Были случаи истерики, когда видели ее. Не всегда все происходило гладко. Один молодой человек взвыл, увидя ее, и закричал:

— Зачем вы здесь? Вы нам мешаете!

Но большинство признавало, что в ней таится потерянная часть человеческой души.

— Когда-то мы все были такие, — вздыхала больная старушка из палаты необреченных.

Больше всего поражало отсутствие эгоизма и личной заинтересованности.

— Это даже не политкорректно, — заметил какой-то журналист.

Алла и Лена души не чаяли в Ольге.

— Ваши идут страшным путем познания того, что не дано людям знать, — повторяла им Оля.

— А ты путем Любви, — отвечала ей Лена.

Но и Оля не чуралась знаний, Богословские труды великих Отцов и учителей Церкви лежали и на ее столе.

— Но твой истинный Божий дар — это твоя душа, Олечка, — говорила ей Алла. — В твоих глазах есть то, что навеки потеряло современное человечество.

— Не говори так, Алла, не говори. Не все потеряно, — возражала Ольга.

— Да я знаю, не все и не всеми потеряно, — улыбалась Алла.

Это было года два назад.

И вдруг Лена позвонила Алле, которая как раз в это время завтракала вместе со Станиславом и Андреем, но к телефону подбежать успела.

— Ты представь, Оля Полякова объявилась, — провозгласила Лена. — Она уезжала в глубь России. Даю ее телефон и адрес!

И они встретились — Алла и Оля, там, в маленькой квартирке Поляновой.
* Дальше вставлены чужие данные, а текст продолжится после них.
(* Let $F$ be a Banach lattice and $\tau$ a boundedly exhaustive linear topology on $F$ weaker than the norm topology. (i) If $E\subset F$ is a closed subspace on which $\tau$ agrees with the norm topology, then $E$ is $\infty$-dispersed; if every $\tau$-null sequence in $E$ is norm-null, then $E$ is dispersed. (ii) If a bounded operator $T:F\to H$ complements $\tau$, then $T$ is $\infty$-DNS; if $T$ sequentially complements $\tau$, then $T$ is DNS.
   Context: $\tau$ is boundedly exhaustive if every norm-bounded disjoint sequence ($|f_n|\wedge|f_m|=0$, $n\neq m$) is $\tau$-null. $T$ complements (resp. sequentially complements) $\tau$ if no net (resp. sequence) $(f_p)$ in the unit sphere $\mathrm{S}_F$ is $\tau$-null with $\|Tf_p\|\to0$. $T$ is DNS if no disjoint $(f_n)\subset\mathrm{S}_F$ has $\|Tf_n\|\to0$; $\infty$-DNS if there is $r>0$ with $\liminf_n\|Tf_n\|>r$ for all disjoint $(f_n)\subset\mathrm{S}_F$. $E$ is dispersed if $\liminf_n d(f_n,E)>0$ for all disjoint $(f_n)\subset\mathrm{S}_F$ (equivalently no unit vectors $e_n\in E$ and disjoint $f_n$ with $\|e_n-f_n\|\to0$); $\infty$-dispersed if there is $r>0$ with $\liminf_n d(f_n,E)>r$ for all disjoint $(f_n)\subset\mathrm{S}_F$. *)

theory Defs
  imports "HOL-Analysis.Analysis"
begin

class banach_lattice = banach + ordered_real_vector + lattice +
  assumes lattice_norm_mono:
    "sup x (- x) \<le> sup y (- y) \<Longrightarrow> norm x \<le> norm y"

definition labs :: "'a::banach_lattice \<Rightarrow> 'a" where
  "labs x = sup x (- x)"

definition disjoint_seq :: "(nat \<Rightarrow> 'a::banach_lattice) \<Rightarrow> bool" where
  "disjoint_seq f \<longleftrightarrow> (\<forall>n m. n \<noteq> m \<longrightarrow> inf (labs (f n)) (labs (f m)) = 0)"

definition linear_topology :: "'a::real_normed_vector topology \<Rightarrow> bool" where
  "linear_topology \<tau> \<longleftrightarrow>
     topspace \<tau> = UNIV \<and>
     continuous_map (prod_topology \<tau> \<tau>) \<tau> (\<lambda>(x, y). x + y) \<and>
     continuous_map (prod_topology euclideanreal \<tau>) \<tau> (\<lambda>(c, x). c *\<^sub>R x)"

definition weaker_than_norm :: "'a::real_normed_vector topology \<Rightarrow> bool" where
  "weaker_than_norm \<tau> \<longleftrightarrow> (\<forall>U. openin \<tau> U \<longrightarrow> open U)"

definition bdd_exhaustive :: "'a::banach_lattice topology \<Rightarrow> bool" where
  "bdd_exhaustive \<tau> \<longleftrightarrow>
     (\<forall>f. bounded (range f) \<and> disjoint_seq f \<longrightarrow> limitin \<tau> f 0 sequentially)"

text \<open>Nets are represented by (proper) filters on \<open>F\<close>: the net is the identity
  along the filter.\<close>
definition complements ::
    "'a::banach_lattice topology \<Rightarrow> ('a \<Rightarrow> 'b::real_normed_vector) \<Rightarrow> bool" where
  "complements \<tau> T \<longleftrightarrow>
     \<not> (\<exists>N :: 'a filter. N \<noteq> bot \<and> eventually (\<lambda>x. x \<in> sphere 0 1) N \<and>
           limitin \<tau> (\<lambda>x. x) 0 N \<and> ((\<lambda>x. norm (T x)) \<longlongrightarrow> 0) N)"

definition seq_complements ::
    "'a::banach_lattice topology \<Rightarrow> ('a \<Rightarrow> 'b::real_normed_vector) \<Rightarrow> bool" where
  "seq_complements \<tau> T \<longleftrightarrow>
     \<not> (\<exists>f :: nat \<Rightarrow> 'a. (\<forall>n. f n \<in> sphere 0 1) \<and>
           limitin \<tau> f 0 sequentially \<and> (\<lambda>n. norm (T (f n))) \<longlonglongrightarrow> 0)"

definition DNS :: "('a::banach_lattice \<Rightarrow> 'b::real_normed_vector) \<Rightarrow> bool" where
  "DNS T \<longleftrightarrow>
     \<not> (\<exists>f. (\<forall>n. f n \<in> sphere 0 1) \<and> disjoint_seq f \<and> (\<lambda>n. norm (T (f n))) \<longlonglongrightarrow> 0)"

definition inf_DNS :: "('a::banach_lattice \<Rightarrow> 'b::real_normed_vector) \<Rightarrow> bool" where
  "inf_DNS T \<longleftrightarrow>
     (\<exists>r>0. \<forall>f. (\<forall>n. f n \<in> sphere 0 1) \<and> disjoint_seq f \<longrightarrow>
        liminf (\<lambda>n. ereal (norm (T (f n)))) > ereal r)"

definition dispersed :: "'a::banach_lattice set \<Rightarrow> bool" where
  "dispersed E \<longleftrightarrow>
     (\<forall>f. (\<forall>n. f n \<in> sphere 0 1) \<and> disjoint_seq f \<longrightarrow>
        liminf (\<lambda>n. ereal (infdist (f n) E)) > 0)"

definition inf_dispersed :: "'a::banach_lattice set \<Rightarrow> bool" where
  "inf_dispersed E \<longleftrightarrow>
     (\<exists>r>0. \<forall>f. (\<forall>n. f n \<in> sphere 0 1) \<and> disjoint_seq f \<longrightarrow>
        liminf (\<lambda>n. ereal (infdist (f n) E)) > ereal r)"

end

(* Bounded exhaustivity makes every normalized disjoint sequence tau-null. If T fails to be
   (infinity-)DNS, or E fails to be (infinity-)dispersed, such sequences therefore produce unit
   vectors that are tau-small and at the same time have small image under T, resp. lie close
   to E. Near E this contradicts the agreement of tau with the norm on E (a tau-small point of
   E is norm-small, but it is close to a unit vector); for T it directly yields the tau-null
   net or sequence of unit vectors that complementation forbids. *)
theory Submission
  imports Defs
begin

lemma infdist_lessE:
  assumes "infdist x E < d" "E \<noteq> {}"
  obtains e where "e \<in> E" "dist x e < d"
proof -
  have "bdd_below ((\<lambda>a. dist x a) ` E)" by (rule bdd_belowI[of _ 0]) auto
  then show ?thesis using assms that by (auto simp: infdist_notempty cINF_less_iff)
qed

lemma infdist_null_approximants:
  fixes x :: "nat \<Rightarrow> 'a::real_normed_vector"
  assumes "E \<noteq> {}" and null: "(\<lambda>k. infdist (x k) E) \<longlonglongrightarrow> 0"
  obtains e where "\<And>k. e k \<in> E" "(\<lambda>k. e k - x k) \<longlonglongrightarrow> 0"
proof -
  have "infdist (x k) E < infdist (x k) E + 1 / Suc k" for k
    by simp
  then have "\<exists>e. \<forall>k. e k \<in> E \<and> dist (x k) (e k) < infdist (x k) E + 1 / Suc k"
    using infdist_lessE[OF _ assms(1)] by (intro choice) blast
  then obtain e where e: "\<And>k. e k \<in> E"
    and close: "\<And>k. dist (x k) (e k) < infdist (x k) E + 1 / Suc k"
    by blast
  have upper: "(\<lambda>k. infdist (x k) E + 1 / real (Suc k)) \<longlonglongrightarrow> 0 + 0"
    by (intro tendsto_add null LIMSEQ_inverse_real_of_nat[simplified inverse_eq_divide])
  have "\<forall>\<^sub>F k in sequentially. dist (x k) (e k) \<le> infdist (x k) E + 1 / real (Suc k)"
    using close by (simp add: less_imp_le)
  from tendsto_sandwich[OF _ this tendsto_const upper[unfolded add_0]]
  have "(\<lambda>k. norm (e k - x k)) \<longlonglongrightarrow> 0"
    by (simp add: dist_norm norm_minus_commute)
  then have "(\<lambda>k. e k - x k) \<longlonglongrightarrow> 0"
    by (rule tendsto_norm_zero_cancel)
  with e that show ?thesis by blast
qed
Говорили долго-долго, погрузившись в общение. В конце концов Алла, ошеломленная, сказала:

— Оля, ты все больше и больше уходишь по своему пути. Этот путь ведет в какой-то высший, особый рай, созданный, чтоб существа могли бы отдохнуть от патологической злобы и ненависти, глубинным идиотизмом раскинутой по всему этому миру, гнездящемуся в каждой клеточке его обитателей. Как ты можешь жить здесь, да еще в их теле?